Search the listing for the string "else" and copy every line that contains it.
------------------------------------
(* Let $\mathcal X\subseteq\mathbb R^p$ and $\mathcal A=\{a^{(1)},\dots,a^{(d)}\}$ a finite set of real actions. Let $(\boldsymbol X_i,A_i,R_i)$, $i=1,\dots,n$, be random tuples such that: (i) the tuples are independent; (ii) $\boldsymbol X_1,\dots,\boldsymbol X_n$ are i.i.d.; (iii) conditionally on $\boldsymbol X_i$, $A_i$ has distribution $\widetilde\pi_i(\cdot\mid\boldsymbol X_i)$ with $\widetilde\pi_i(a\mid\boldsymbol x)>0$ for all $a,\boldsymbol x$; (iv) the conditional distribution of $R_i$ given $\boldsymbol X_i=\boldsymbol x,A_i=a$ does not depend on $i$; rewards have finite second moments. Let $f_1,\dots,f_q:\mathbb R\to\mathbb R$, $\boldsymbol f(a)=(1,f_1(a),\dots,f_q(a))^\top$, and let $D\in\mathbb R^{d\times(q+1)}$ have $k$-th row $\boldsymbol f(a^{(k)})^\top$, assumed of full column rank. For $1\le i\le n$ let $W_i(\boldsymbol X_i)\in\mathbb R^{d\times d}$ be any symmetric positive-definite matrix (a function of $\boldsymbol X_i$) and $\mathbf K_i(\boldsymbol X_i)=W_i(\boldsymbol X_i)D\,(D^\top W_i(\boldsymbol X_i)D)^{-1}D^\top$. Let $\Sigma_i(\boldsymbol X_i)\in\mathbb R^{d\times d}$ be the conditional covariance matrix, given $\boldsymbol X_i$, of the vector of per-action IPS weights, with entries $$\Sigma_{i,jk}(\boldsymbol X_i)=\operatorname{Cov}\Big(R_i\frac{\mathbf 1_{\{A_i=a^{(j)}\}}}{\widetilde\pi_i(a^{(j)}\mid\boldsymbol X_i)},\,R_i\frac{\mathbf 1_{\{A_i=a^{(k)}\}}}{\widetilde\pi_i(a^{(k)}\mid\boldsymbol X_i)}\;\Big|\;\boldsymbol X_i\Big).$$ For a deterministic policy $\pi:\mathcal X\to\mathcal A$ define $$\widehat V_{\rm IPS}(\pi)=\frac1n\sum_{i=1}^nR_i\frac{\mathbf 1_{\{A_i=\pi(\boldsymbol X_i)\}}}{\widetilde\pi_i(A_i\mid\boldsymbol X_i)},\qquad \widehat V_{\rm K}(\pi)=\frac1n\sum_{i=1}^nR_i\frac{\langle\boldsymbol e_{A_i},\mathbf K_i(\boldsymbol X_i)\boldsymbol e_{\pi(\boldsymbol X_i)}\rangle}{\widetilde\pi_i(A_i\mid\boldsymbol X_i)}.$$ Then for every deterministic policy $\pi:\mathcal X\to\mathcal A$, $$\operatorname{Var}\big(\widehat V_{\rm K}(\pi)\mid\boldsymbol X_1,\dots,\boldsymbol X_n\big)\le\max_{1\le i\le n}\kappa\big(W_i(\boldsymbol X_i)\Sigma_i(\boldsymbol X_i)\big)\,\operatorname{Var}\big(\widehat V_{\rm IPS}(\pi)\mid\boldsymbol X_1,\dots,\boldsymbol X_n\big),$$ where for a square matrix $M$, $\kappa(M)\ge1$ denotes the spectral condition number, i.e. the ratio between the largest and the smallest eigenvalue of $M$.
   Context: $\boldsymbol e_a\in\{0,1\}^d$ is the one-hot encoding of $a\in\mathcal A$ (entry $k$ equals $\mathbf 1_{\{a=a^{(k)}\}}$). Variances and covariances are taken under the data-generating law described (actions drawn from the logging policies $\widetilde\pi_i$). The eigenvalues of $W\Sigma$ with $W$ positive definite and $\Sigma$ positive semidefinite are real and nonnegative; if the smallest is zero, $\kappa$ is $+\infty$. *)

theory Defs
  imports "HOL-Probability.Probability"
begin

text \<open>One-hot encoding e_a of an action (actions are identified with the indices of the finite type 'd).\<close>
definition one_hot :: "'d::finite \<Rightarrow> real^'d" where
  "one_hot a = (\<chi> k. if k = a then 1 else 0)"

definition expect :: "'a measure \<Rightarrow> ('a \<Rightarrow> real) \<Rightarrow> real" where
  "expect M X = (\<integral>\<omega>. X \<omega> \<partial>M)"

definition covar :: "'a measure \<Rightarrow> ('a \<Rightarrow> real) \<Rightarrow> ('a \<Rightarrow> real) \<Rightarrow> real" where
  "covar M X Y = expect M (\<lambda>\<omega>. (X \<omega> - expect M X) * (Y \<omega> - expect M Y))"

definition var :: "'a measure \<Rightarrow> ('a \<Rightarrow> real) \<Rightarrow> real" where
  "var M X = expect M (\<lambda>\<omega>. (X \<omega> - expect M X)\<^sup>2)"

text \<open>Conditional law of (A_i, R_i) given X_i = x: A_i ~ p = pi_tilde_i(.|x), and
  R_i | (X_i = x, A_i = a) ~ K a.\<close>
definition cond_law :: "'d pmf \<Rightarrow> ('d \<Rightarrow> real measure) \<Rightarrow> ('d \<times> real) measure" where
  "cond_law p K = measure_pmf p \<bind>
      (\<lambda>a. distr (K a) (count_space UNIV \<Otimes>\<^sub>M borel) (\<lambda>r. (a, r)))"

definition ips_cov :: "'d::finite pmf \<Rightarrow> ('d \<Rightarrow> real measure) \<Rightarrow> real^'d^'d" where
  "ips_cov p K = (\<chi> j k. covar (cond_law p K)
      (\<lambda>(a, r). r * (if a = j then 1 else 0) / pmf p j)
      (\<lambda>(a, r). r * (if a = k then 1 else 0) / pmf p k))"

definition real_eigenvalues :: "real^'n^'n \<Rightarrow> real set" where
  "real_eigenvalues M = {c. \<exists>v. v \<noteq> 0 \<and> M *v v = c *\<^sub>R v}"

text \<open>Spectral condition number: largest over smallest eigenvalue; +infinity if the
  smallest eigenvalue is 0 (used only for matrices W Sigma with real nonnegative spectrum).\<close>
definition cond_number :: "real^'n^'n \<Rightarrow> ereal" where
  "cond_number M = (if Min (real_eigenvalues M) = 0 then \<infinity>
      else ereal (Max (real_eigenvalues M) / Min (real_eigenvalues M)))"

definition K_mat :: "real^'d^'d \<Rightarrow> real^'c^'d \<Rightarrow> real^'d^'d" where
  "K_mat W D = W ** D ** matrix_inv (transpose D ** W ** D) ** transpose D"

end

theory Submission
  imports Defs
begin

text \<open>
  Given the contexts, both estimators are sums of independent terms, and the i-th term is the
  linear statistic c' Y of the vector Y of per-action IPS weights, with c = K e for V_K and
  c = e for V_IPS, where e is the one-hot vector of the target action; its variance is the
  quadratic form c' \<Sigma> c. Write K e = W z: then z = D (D' W D)^-1 D' e is the W-orthogonal
  projection of w = W^-1 e onto the column space of D, so z' W z \<le> w' W w. The generalized
  Rayleigh quotient (W v)' \<Sigma> (W v) / v' W v lies between the smallest and the largest eigenvalue
  m \<le> M of W \<Sigma>, hence (K e)' \<Sigma> (K e) \<le> M z' W z \<le> M w' W w \<le> (M / m) e' \<Sigma> e.
  Summing over i gives the bound with the largest condition number.
\<close>

section \<open>Quadratic forms and the eigenvalues of W S\<close>

definition pos_def_matrix :: "real^'n^'n \<Rightarrow> bool" where
  "pos_def_matrix W \<longleftrightarrow> transpose W = W \<and> (\<forall>v. v \<noteq> 0 \<longrightarrow> 0 < v \<bullet> (W *v v))"

definition pos_semidef_matrix :: "real^'n^'n \<Rightarrow> bool" where
  "pos_semidef_matrix S \<longleftrightarrow> transpose S = S \<and> (\<forall>v. 0 \<le> v \<bullet> (S *v v))"

lemma symmetric_matrix_form_commute:
  fixes A :: "real^'n^'n"
  assumes "transpose A = A"
  shows "x \<bullet> (A *v y) = y \<bullet> (A *v x)"
  by (metis assms dot_lmul_matrix inner_commute transpose_matrix_vector)

lemma inner_matrix_vector_transpose:
  fixes A :: "real^'n^'m"
  shows "(A *v x) \<bullet> y = x \<bullet> (transpose A *v y)"
  by (metis dot_lmul_matrix inner_commute transpose_matrix_vector)

lemma symmetric_matrix_congruence_form:
  fixes W S :: "real^'n^'n"
  assumes "transpose W = W"
  shows "(W *v w) \<bullet> (S *v (W *v w)) = w \<bullet> ((W ** S ** W) *v w)"
  by (metis assms symmetric_matrix_form_commute inner_commute matrix_vector_mul_assoc)

lemma matrix_form_scaleR:
  fixes M :: "real^'n^'n"
  shows "(c *\<^sub>R w) \<bullet> (M *v (c *\<^sub>R w)) = c\<^sup>2 * (w \<bullet> (M *v w))"
  by (simp add: matrix_vector_mult_scaleR power2_eq_square)

lemma continuous_on_matrix_form:
  fixes M :: "real^'n^'n"
  shows "continuous_on T (\<lambda>w. w \<bullet> (M *v w))"
proof -
  have "continuous_on T ((*v) M)"
    by (rule matrix_vector_mult_linear_continuous_on)
  then show ?thesis
    by (intro continuous_intros)
qed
------------------------------------
» OUTPUT FOR THIS TASK:
  "one_hot a = (\<chi> k. if k = a then 1 else 0)"
      (\<lambda>(a, r). r * (if a = j then 1 else 0) / pmf p j)
      (\<lambda>(a, r). r * (if a = k then 1 else 0) / pmf p k))"
      else ereal (Max (real_eigenvalues M) / Min (real_eigenvalues M)))"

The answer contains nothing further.